First we define the size of the embedding vector. In this case we have set it to 32, so that each integer-token will be converted to a vector of length 32.
The embedding-layer also needs to know the number of words in the vocabulary (num_words) and the length of the padded token-sequences (max_length).
LSTM Layer
Next, we add the LSTM layer. The units argument is the number of neurons in the layer. More neurons = more memory. A guideline for choosing the number of units is to choose a number between the number of classes being predicted (5) and the sequence length (tokens per observation–58). Let’s use 32.
Dropout is the precentage of neurons that will be randomly disabled when processing the layer’s input and output, which reduces overfitting.
Recurrent Dropout is the percentage of neurons that will be randomly disabled when the layer’s output is fed back into the layer again to allow the network to learn from what it has previously seen.
With text, the NN can usually perform better if it processes sequences from start to finish and also backwards. For this reason, we incorporate the LSTM to be bidirectional.
Dense Layers
Dense layers are fully connected layers.
First, we add a dense hidden layer after our LSTM layer and set the activation function to relu (rectified linear unit).
Finally, we include a dense output layer to take the input from the hidden layer and have it create output for each of the 5 class levels. We use the softmax activation for multiclass classification.
embedding_size = 32
input <- layer_input(shape = c(1), dtype = "string")
output <- input %>%
text_vectorization() %>%
layer_embedding(input_dim = num_words + 1,
output_dim = embedding_size) %>%
bidirectional(layer_lstm(units = embedding_size,
dropout = 0.2,
recurrent_dropout = 0.2)) %>%
layer_dense(units = embedding_size,
activation = "relu") %>%
layer_dense(units = 5,
activation = "softmax")
rnn_model <- keras_model(input, output)Compiling the Model
We compile the model to specify the loss function, optimizer and metrics that we will use to assess the performance of our model and each epoch and overall.
We use categorical crossentropy, which measures the performance of a classification model whose output multiclass. For binary classification, binary crossentropy can be used.
For more information about the stochastic gradient-based optimizer, Adam, that we are using, see this paper. The optimizer adjusts the weights throughout the neural network as it learns. The learning rate of the optimizer is a hyperparameter that can be tuned to improve model performance.
In addition to accuracy (which is default), additional metrics can be added and returned at each epoch.
rnn_model %>% compile(
optimizer = 'adam',
loss = 'categorical_crossentropy',
metrics = list('accuracy')
)Training the Model
Epochs are the number of times the model should process the entire set of training data and the batch size specifies the number of samples to process at a time during each epoch. We set the number of epochs to 10 and the batch size to 32, meaning we will be iterating on the data in batches of 32 samples. In general, larger batch sizes can decrease model accuracy.
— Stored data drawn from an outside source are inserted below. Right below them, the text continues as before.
lemma switch_to_same_edges_at_insert:
  assumes "realizes d G" "realizes d H" "same_edges_at W G H" "x \<notin> W" "x < length d"
  shows "\<exists>G' H'. switch\<^sup>*\<^sup>* G G' \<and> switch\<^sup>*\<^sup>* H H' \<and> same_edges_at (insert x W) G' H'"
  using assms(1-3)
proof (induction "card (neighbours G x - neighbours H x)" arbitrary: G H rule: less_induct)
  case less
  have sgG: "simple_graph (length d) G" and sgH: "simple_graph (length d) H"
    using less.prems(1,2) unfolding realizes_def by auto
  have same_card: "card (neighbours G v) = card (neighbours H v)" if "v < length d" for v
    using less.prems(1,2) that unfolding realizes_def
    by (simp add: degree_eq_card_neighbours[OF sgG] degree_eq_card_neighbours[OF sgH, symmetric])
  show ?case
  proof (cases "neighbours G x = neighbours H x")
    case True
    then show ?thesis
      using same_edges_at_insert[OF sgG sgH less.prems(3)] by blast
  next
    case False
    then have "\<not> neighbours G x \<subseteq> neighbours H x" "\<not> neighbours H x \<subseteq> neighbours G x"
      using card_subset_eq finite_neighbours sgG sgH same_card[OF \<open>x < length d\<close>] by metis+
    then obtain y z where y: "{x, y} \<in> G" "{x, y} \<notin> H" and z: "{x, z} \<in> H" "{x, z} \<notin> G"
      unfolding neighbours_def by blast
    then have "y \<in> neighbours G x - neighbours H x"
      unfolding neighbours_def by simp
    then have dec: "card (neighbours G x - neighbours H x - {y}) < card (neighbours G x - neighbours H x)"
      using finite_neighbours[OF sgG] by (meson card_Diff1_less finite_Diff)
    have yz_le: "y < length d" "z < length d"
      using sgG sgH y(1) z(1) unfolding simple_graph_def by auto
    show ?thesis
    proof (cases "card (neighbours G y - W) \<le> card (neighbours G z - W)")
      case True
      then obtain G' where G': "switch G G'" "same_edges_at W G' H"
        "neighbours G' x = insert z (neighbours G x - {y})"
        using ex_switch_towards[OF sgG sgH less.prems(3) assms(4) y z] by blast
      then have "neighbours G' x - neighbours H x = neighbours G x - neighbours H x - {y}"
        using z(1) unfolding neighbours_def by auto
      then obtain G'' H'' where "switch\<^sup>*\<^sup>* G' G''" "switch\<^sup>*\<^sup>* H H''" "same_edges_at (insert x W) G'' H''"
        using less.hyps dec switch_realizes[OF G'(1) less.prems(1)] less.prems(2) G'(2) by metis
      then show ?thesis
        using G'(1) by (meson converse_rtranclp_into_rtranclp)
    next
      case False
      then have "card (neighbours H z - W) \<le> card (neighbours H y - W)"
        using card_neighbours_Diff_eq[OF sgG sgH less.prems(3) same_card] yz_le by simp
      then obtain H' where H': "switch H H'" "same_edges_at W H' G"
        "neighbours H' x = insert y (neighbours H x - {z})"
        using ex_switch_towards[OF sgH sgG same_edges_at_sym[OF less.prems(3)] assms(4) z y] by blast
      then have "neighbours G x - neighbours H' x = neighbours G x - neighbours H x - {y}"
        using z(2) unfolding neighbours_def by auto
      then obtain G'' H'' where "switch\<^sup>*\<^sup>* G G''" "switch\<^sup>*\<^sup>* H' H''" "same_edges_at (insert x W) G'' H''"
        using less.hyps dec switch_realizes[OF H'(1) less.prems(2)] less.prems(1)
          same_edges_at_sym[OF H'(2)] by metis
      then show ?thesis
        using H'(1) by (meson converse_rtranclp_into_rtranclp)
    qed
  qed
qed

lemma switch_connected_if_same_edges_at:
  assumes "realizes d G" "realizes d H" "same_edges_at W G H"
  shows "switch\<^sup>*\<^sup>* G H"
  using assms
proof (induction "card ({0..<length d} - W)" arbitrary: G H W rule: less_induct)
  case less
  have sgG: "simple_graph (length d) G" and sgH: "simple_graph (length d) H"
    using less.prems(1,2) unfolding realizes_def by auto
  show ?case
  proof (cases "{0..<length d} \<subseteq> W")
    case True
    have "e \<inter> W \<noteq> {}" if "e \<in> G \<or> e \<in> H" for e
    proof -
      have "e \<subseteq> {0..<length d}" "card e = 2"
        using that sgG sgH unfolding simple_graph_def by auto
      then have "e \<subseteq> W" "e \<noteq> {}"
        using True by auto
      then show ?thesis
        by (simp add: Int_absorb2)
    qed
    then have "G = H"
      using same_edges_atD[OF less.prems(3)] by blast
    then show ?thesis
      by simp
  next
    case False
    then obtain x where x: "x \<notin> W" "x < length d"
      by (auto simp: subset_eq)
    then obtain G' H' where GH': "switch\<^sup>*\<^sup>* G G'" "switch\<^sup>*\<^sup>* H H'" "same_edges_at (insert x W) G' H'"
      using switch_to_same_edges_at_insert[OF less.prems] by blast
    have "{0..<length d} - insert x W = {0..<length d} - W - {x}"
      by auto
    moreover have "x \<in> {0..<length d} - W"
      using x by simp
    ultimately have "card ({0..<length d} - insert x W) < card ({0..<length d} - W)"
      by (metis card_Diff1_less finite_Diff finite_atLeastLessThan)
    then have "switch\<^sup>*\<^sup>* G' H'"
      using less.hyps rtranclp_switch_realizes[OF GH'(1) less.prems(1)]
        rtranclp_switch_realizes[OF GH'(2) less.prems(2)] GH'(3) by blast
    moreover have "switch\<^sup>*\<^sup>* H' H"
      using GH'(2) symp_switch by (metis sympD symp_rtranclp)
    ultimately show ?thesis
      using GH'(1) by (meson rtranclp_trans)
  qed
qed

lemma realizations_switch_connected:
  "realizes d G \<Longrightarrow> realizes d H \<Longrightarrow> switch\<^sup>*\<^sup>* G H"
  by (rule switch_connected_if_same_edges_at) (auto simp: same_edges_at_def)

section \<open>Intermediate values of \<mu>\<close>

lemma rtranclp_intermediate_value:
  fixes f :: "'a \<Rightarrow> nat"
  assumes "R\<^sup>*\<^sup>* a b" "P a" "f a \<le> k" "k \<le> f b"
    and R_step: "\<And>x y. R x y \<Longrightarrow> P x \<Longrightarrow> P y \<and> f y \<le> f x + 1"
  shows "\<exists>c. P c \<and> f c = k"
proof -
  have "P b \<and> (k \<le> f b \<longrightarrow> (\<exists>c. P c \<and> f c = k))"
    using assms(1)
  proof (induction rule: rtranclp_induct)
    case base
    then show ?case
      using assms(2,3) by auto
  next
    case (step y z)
    then have "P z" "f z \<le> f y + 1"
      using R_step by auto
    moreover have "\<exists>c. P c \<and> f c = k" if "k \<le> f z"
    proof (cases "k \<le> f y")
      case True
      then show ?thesis
        using step.IH by blast
    next
      case False
      then have "f z = k"
        using that \<open>f z \<le> f y + 1\<close> by linarith
      then show ?thesis
        using \<open>P z\<close> by blast
    qed
    ultimately show ?case
      by blast
  qed
  then show ?thesis
    using assms(4) by blast
qed

lemma finite_mu_values: "finite {mu (length d) E | E. realizes d E}"
  using finite_realizations by (simp add: Setcompr_eq_image)

lemma mu_lower_attained:
  assumes "graphical d"
  obtains E where "realizes d E" "mu (length d) E = mu_lower d"
proof -
  have "{mu (length d) E | E. realizes d E} \<noteq> {}"
    using assms unfolding graphical_def by blast
  with finite_mu_values have "mu_lower d \<in> {mu (length d) E | E. realizes d E}"
    unfolding mu_lower_def by (rule Min_in)
  with that show ?thesis
    by auto
qed

lemma mu_upper_attained:
  assumes "graphical d"
  obtains E where "realizes d E" "mu (length d) E = mu_upper d"
proof -
  have "{mu (length d) E | E. realizes d E} \<noteq> {}"
    using assms unfolding graphical_def by blast
  with finite_mu_values have "mu_upper d \<in> {mu (length d) E | E. realizes d E}"
    unfolding mu_upper_def by (rule Max_in)
  with that show ?thesis
    by auto
qed

theorem theorem13:
  fixes d :: "nat list" and k :: int
  assumes "graphical d"
    and "int (mu_lower d) \<le> k" and "k \<le> int (mu_upper d)"
  shows "\<exists>E. realizes d E \<and> int (mu (length d) E) = k"
proof -
  obtain E1 where E1: "realizes d E1" "mu (length d) E1 = mu_lower d"
    using mu_lower_attained[OF assms(1)] .
  obtain E2 where E2: "realizes d E2" "mu (length d) E2 = mu_upper d"
    using mu_upper_attained[OF assms(1)] .
  have "\<exists>E. realizes d E \<and> mu (length d) E = nat k"
  proof (rule rtranclp_intermediate_value[where R = switch])
    show "switch\<^sup>*\<^sup>* E1 E2"
      using E1(1) E2(1) by (rule realizations_switch_connected)
    show "realizes d E' \<and> mu (length d) E' \<le> mu (length d) E + 1"
      if "switch E E'" "realizes d E" for E E'
      using that switch_realizes mu_switch_le unfolding realizes_def by blast
  qed (use E1 E2 assms(2,3) in auto)
  then show ?thesis
    using assms(2) by auto
qed

end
We use 10% of the training-set as a small validation-set, so we have a rough idea whether the model is generalizing well or if it is over-fitting to the training-set. This reserves the last 10% of the training data for validation purposes.
history <- rnn_model %>% fit(
train$clean_text,
y_train,
epochs = 10,
batch_size = 32,
validation_split = 0.1,
verbose=2
)
plot(history, method = "auto", smooth=FALSE)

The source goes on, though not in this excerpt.